### Action item
All that should appear is the line containing "then show False" and the lines after it in the records below, each reproduced exactly.

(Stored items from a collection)
▬▬▬▬▬▬▬▬▬▬

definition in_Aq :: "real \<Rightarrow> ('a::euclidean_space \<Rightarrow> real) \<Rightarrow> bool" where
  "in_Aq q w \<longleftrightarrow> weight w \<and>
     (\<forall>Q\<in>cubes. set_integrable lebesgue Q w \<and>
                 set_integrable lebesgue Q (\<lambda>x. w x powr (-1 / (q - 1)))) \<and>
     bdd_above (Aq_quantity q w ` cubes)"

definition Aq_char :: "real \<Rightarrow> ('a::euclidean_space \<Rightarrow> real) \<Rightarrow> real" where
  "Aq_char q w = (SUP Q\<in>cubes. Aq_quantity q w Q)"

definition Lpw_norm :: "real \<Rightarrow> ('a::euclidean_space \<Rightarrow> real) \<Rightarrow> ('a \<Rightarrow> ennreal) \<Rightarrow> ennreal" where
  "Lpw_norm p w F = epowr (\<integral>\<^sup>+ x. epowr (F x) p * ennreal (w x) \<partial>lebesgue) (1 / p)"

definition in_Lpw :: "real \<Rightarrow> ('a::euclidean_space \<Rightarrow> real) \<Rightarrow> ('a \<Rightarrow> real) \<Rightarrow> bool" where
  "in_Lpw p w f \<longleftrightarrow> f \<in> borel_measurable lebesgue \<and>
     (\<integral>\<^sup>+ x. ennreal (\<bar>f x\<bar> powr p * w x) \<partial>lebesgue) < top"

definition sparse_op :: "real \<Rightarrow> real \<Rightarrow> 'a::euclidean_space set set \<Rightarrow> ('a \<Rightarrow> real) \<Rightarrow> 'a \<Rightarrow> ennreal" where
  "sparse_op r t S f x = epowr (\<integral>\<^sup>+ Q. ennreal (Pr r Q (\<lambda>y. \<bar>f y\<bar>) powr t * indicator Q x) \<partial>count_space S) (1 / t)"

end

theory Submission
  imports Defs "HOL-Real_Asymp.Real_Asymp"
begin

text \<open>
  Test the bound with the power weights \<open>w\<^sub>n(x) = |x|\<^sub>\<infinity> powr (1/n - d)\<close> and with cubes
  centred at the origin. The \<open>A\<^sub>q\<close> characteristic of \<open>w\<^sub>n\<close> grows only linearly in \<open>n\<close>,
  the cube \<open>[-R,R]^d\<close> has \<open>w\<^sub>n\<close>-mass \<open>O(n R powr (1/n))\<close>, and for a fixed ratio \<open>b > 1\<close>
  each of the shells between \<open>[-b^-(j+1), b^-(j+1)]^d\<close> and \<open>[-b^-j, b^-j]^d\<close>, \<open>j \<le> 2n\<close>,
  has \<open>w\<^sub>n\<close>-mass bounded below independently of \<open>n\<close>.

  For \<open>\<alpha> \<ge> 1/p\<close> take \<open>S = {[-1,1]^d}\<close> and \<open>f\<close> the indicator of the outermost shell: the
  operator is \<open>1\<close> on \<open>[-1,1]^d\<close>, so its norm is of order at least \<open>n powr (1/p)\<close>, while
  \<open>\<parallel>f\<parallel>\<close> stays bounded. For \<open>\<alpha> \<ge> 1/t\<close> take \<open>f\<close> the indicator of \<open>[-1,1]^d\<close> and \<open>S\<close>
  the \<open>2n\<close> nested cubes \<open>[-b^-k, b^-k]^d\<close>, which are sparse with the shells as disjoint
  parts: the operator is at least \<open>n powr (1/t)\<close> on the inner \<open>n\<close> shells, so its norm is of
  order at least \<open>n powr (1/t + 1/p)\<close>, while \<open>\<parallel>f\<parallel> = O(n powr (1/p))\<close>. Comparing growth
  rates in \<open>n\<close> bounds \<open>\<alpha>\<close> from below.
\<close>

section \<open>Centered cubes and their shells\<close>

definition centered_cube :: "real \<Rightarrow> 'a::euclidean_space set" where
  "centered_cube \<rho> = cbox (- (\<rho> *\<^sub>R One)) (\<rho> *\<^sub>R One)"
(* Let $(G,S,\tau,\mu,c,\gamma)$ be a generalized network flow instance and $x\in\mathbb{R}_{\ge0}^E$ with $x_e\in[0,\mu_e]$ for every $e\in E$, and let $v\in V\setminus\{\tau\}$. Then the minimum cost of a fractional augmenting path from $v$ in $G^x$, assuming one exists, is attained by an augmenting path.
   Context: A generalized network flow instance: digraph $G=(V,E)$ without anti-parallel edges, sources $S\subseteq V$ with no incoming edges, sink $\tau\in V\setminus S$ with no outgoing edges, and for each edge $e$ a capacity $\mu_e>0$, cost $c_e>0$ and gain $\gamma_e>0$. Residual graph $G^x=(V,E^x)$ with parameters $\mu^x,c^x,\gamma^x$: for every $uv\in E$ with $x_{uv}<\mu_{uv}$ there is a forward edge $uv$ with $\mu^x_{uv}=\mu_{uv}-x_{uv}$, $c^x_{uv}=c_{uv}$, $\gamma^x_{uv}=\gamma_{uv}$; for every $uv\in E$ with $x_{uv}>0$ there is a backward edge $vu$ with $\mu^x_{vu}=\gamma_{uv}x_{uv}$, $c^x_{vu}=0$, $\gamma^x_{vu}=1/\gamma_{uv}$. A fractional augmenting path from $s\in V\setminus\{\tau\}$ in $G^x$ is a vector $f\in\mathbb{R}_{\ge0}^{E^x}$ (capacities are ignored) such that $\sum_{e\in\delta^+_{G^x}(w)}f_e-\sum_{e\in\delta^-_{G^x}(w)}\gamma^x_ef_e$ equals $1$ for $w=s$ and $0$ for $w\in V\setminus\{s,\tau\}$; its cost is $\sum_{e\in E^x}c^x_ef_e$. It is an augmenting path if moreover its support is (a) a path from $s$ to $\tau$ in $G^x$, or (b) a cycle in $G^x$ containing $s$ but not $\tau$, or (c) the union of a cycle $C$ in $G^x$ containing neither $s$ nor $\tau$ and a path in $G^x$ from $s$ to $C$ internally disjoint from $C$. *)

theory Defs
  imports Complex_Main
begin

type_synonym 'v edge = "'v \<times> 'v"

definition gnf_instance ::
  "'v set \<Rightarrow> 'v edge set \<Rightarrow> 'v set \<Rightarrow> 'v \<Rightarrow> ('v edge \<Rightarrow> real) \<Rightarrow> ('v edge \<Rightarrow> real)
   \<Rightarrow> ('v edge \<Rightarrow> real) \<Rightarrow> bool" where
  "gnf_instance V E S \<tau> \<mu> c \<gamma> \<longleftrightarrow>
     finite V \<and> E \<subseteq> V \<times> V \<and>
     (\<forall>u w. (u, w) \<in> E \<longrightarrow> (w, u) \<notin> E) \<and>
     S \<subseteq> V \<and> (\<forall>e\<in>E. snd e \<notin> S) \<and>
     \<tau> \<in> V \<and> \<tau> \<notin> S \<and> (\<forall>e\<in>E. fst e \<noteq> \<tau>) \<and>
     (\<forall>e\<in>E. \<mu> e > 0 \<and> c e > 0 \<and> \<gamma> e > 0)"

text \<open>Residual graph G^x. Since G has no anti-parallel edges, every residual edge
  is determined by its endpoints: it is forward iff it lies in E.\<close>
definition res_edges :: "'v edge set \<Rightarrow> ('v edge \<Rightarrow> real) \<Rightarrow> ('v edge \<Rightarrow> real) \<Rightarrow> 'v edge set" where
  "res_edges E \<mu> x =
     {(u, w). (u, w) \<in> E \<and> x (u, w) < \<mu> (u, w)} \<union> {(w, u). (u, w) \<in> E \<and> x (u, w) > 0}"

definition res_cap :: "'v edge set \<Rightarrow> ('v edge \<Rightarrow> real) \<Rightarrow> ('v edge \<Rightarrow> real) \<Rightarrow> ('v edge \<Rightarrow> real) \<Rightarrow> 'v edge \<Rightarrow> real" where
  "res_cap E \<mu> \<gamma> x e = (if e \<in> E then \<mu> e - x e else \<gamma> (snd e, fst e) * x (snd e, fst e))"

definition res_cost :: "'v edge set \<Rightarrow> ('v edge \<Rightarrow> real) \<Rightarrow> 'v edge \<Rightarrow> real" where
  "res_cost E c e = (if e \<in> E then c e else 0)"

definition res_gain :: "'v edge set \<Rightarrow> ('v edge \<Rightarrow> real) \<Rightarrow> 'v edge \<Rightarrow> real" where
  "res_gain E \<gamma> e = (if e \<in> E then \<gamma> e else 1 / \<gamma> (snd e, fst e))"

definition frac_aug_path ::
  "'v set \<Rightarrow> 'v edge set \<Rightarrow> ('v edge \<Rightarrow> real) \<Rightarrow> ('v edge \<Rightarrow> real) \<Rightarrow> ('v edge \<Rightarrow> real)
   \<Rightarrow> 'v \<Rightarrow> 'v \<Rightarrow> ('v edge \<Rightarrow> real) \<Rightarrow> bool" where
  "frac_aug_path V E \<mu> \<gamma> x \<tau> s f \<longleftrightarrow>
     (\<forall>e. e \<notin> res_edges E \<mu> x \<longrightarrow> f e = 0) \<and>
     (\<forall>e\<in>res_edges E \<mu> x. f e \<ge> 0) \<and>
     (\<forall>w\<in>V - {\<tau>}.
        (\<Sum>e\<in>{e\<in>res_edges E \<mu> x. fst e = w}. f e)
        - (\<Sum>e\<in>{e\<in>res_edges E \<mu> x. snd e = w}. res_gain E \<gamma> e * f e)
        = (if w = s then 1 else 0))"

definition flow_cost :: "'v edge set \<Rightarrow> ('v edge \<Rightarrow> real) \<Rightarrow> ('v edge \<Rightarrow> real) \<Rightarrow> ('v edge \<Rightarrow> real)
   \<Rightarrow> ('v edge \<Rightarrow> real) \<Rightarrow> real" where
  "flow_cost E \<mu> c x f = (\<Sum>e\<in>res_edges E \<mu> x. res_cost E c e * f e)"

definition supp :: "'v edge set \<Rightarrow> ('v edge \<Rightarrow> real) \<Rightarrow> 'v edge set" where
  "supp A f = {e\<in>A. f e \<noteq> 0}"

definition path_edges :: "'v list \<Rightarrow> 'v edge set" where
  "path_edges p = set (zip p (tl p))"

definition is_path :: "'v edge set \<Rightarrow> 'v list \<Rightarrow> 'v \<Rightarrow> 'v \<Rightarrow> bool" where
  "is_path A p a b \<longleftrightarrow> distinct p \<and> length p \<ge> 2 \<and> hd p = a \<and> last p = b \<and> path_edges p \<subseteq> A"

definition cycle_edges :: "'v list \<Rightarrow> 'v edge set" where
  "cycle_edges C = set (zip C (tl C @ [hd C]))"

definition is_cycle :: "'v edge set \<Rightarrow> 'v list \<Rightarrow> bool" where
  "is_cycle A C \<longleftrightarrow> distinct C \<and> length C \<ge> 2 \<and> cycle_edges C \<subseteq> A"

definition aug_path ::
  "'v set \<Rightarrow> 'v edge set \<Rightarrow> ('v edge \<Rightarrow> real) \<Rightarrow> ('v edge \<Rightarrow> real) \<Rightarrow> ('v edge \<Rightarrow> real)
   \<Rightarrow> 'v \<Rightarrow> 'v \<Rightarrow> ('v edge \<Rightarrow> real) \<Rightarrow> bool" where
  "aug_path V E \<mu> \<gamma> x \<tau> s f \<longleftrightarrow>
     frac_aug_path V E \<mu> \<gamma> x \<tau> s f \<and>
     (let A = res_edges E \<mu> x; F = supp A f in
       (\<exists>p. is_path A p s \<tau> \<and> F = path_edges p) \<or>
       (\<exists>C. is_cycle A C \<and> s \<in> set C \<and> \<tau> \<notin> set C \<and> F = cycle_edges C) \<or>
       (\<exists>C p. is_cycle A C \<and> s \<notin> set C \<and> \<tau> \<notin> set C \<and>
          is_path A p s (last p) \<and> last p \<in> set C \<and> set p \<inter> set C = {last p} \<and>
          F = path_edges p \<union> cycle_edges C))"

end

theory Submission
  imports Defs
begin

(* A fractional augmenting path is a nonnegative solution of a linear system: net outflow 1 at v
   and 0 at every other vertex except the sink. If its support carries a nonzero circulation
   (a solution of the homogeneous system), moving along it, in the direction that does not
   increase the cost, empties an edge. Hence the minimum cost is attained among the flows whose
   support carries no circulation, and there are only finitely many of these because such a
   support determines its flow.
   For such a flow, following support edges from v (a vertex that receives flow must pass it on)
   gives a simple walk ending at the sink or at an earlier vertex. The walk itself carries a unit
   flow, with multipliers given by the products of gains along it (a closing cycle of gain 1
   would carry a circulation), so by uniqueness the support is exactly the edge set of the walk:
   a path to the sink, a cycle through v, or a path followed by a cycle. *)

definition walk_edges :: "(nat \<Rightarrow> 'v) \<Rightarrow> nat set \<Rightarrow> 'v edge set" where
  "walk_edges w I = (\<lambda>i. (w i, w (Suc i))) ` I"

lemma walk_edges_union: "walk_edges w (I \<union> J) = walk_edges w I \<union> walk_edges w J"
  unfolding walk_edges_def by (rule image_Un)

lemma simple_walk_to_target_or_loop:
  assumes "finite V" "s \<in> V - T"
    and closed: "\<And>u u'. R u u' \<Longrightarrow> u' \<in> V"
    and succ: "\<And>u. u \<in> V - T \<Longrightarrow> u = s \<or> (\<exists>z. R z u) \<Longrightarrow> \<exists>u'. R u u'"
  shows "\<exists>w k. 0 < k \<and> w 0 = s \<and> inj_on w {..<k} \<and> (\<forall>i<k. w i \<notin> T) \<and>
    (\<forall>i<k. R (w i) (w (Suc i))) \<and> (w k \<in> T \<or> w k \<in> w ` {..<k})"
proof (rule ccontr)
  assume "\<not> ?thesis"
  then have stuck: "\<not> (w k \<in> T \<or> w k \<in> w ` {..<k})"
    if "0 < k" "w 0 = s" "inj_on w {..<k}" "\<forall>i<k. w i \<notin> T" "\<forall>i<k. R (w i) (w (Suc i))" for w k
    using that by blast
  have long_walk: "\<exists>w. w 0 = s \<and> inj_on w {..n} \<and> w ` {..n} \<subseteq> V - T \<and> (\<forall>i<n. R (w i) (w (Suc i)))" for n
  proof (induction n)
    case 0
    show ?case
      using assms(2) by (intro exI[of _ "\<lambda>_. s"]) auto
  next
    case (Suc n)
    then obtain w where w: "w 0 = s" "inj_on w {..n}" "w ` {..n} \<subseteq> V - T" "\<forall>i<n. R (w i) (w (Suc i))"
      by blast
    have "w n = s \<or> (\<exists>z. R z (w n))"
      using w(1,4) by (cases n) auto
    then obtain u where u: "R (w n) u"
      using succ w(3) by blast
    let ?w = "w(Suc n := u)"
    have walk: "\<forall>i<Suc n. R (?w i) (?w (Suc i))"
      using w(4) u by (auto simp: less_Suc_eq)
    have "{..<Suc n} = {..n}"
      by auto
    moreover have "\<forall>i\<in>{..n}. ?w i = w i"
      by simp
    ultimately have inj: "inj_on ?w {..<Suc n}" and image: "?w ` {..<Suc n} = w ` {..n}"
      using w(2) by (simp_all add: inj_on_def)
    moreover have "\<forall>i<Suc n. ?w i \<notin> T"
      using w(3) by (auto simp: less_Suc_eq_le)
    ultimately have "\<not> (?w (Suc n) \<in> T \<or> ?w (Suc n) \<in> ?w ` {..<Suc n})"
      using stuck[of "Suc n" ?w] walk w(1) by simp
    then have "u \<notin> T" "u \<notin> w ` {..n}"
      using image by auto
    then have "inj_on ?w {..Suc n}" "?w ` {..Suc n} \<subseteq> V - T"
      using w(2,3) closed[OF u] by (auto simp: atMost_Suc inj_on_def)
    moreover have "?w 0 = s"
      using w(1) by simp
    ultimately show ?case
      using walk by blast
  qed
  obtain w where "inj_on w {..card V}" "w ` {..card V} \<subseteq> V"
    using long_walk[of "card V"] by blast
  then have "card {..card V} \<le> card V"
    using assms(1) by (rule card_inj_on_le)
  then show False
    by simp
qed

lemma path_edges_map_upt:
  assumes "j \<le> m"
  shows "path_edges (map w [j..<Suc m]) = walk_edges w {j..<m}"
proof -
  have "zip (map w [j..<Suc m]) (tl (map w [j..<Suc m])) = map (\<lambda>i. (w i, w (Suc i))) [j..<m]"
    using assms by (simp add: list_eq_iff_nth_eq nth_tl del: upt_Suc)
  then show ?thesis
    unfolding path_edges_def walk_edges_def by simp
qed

▬▬▬▬▬▬▬▬▬▬

### Finished task
  then show False
    by simp
qed

lemma path_edges_map_upt:
  assumes "j \<le> m"
  shows "path_edges (map w [j..<Suc m]) = walk_edges w {j..<m}"
proof -
  have "zip (map w [j..<Suc m]) (tl (map w [j..<Suc m])) = map (\<lambda>i. (w i, w (Suc i))) [j..<m]"
    using assms by (simp add: list_eq_iff_nth_eq nth_tl del: upt_Suc)
  then show ?thesis
    unfolding path_edges_def walk_edges_def by simp
qed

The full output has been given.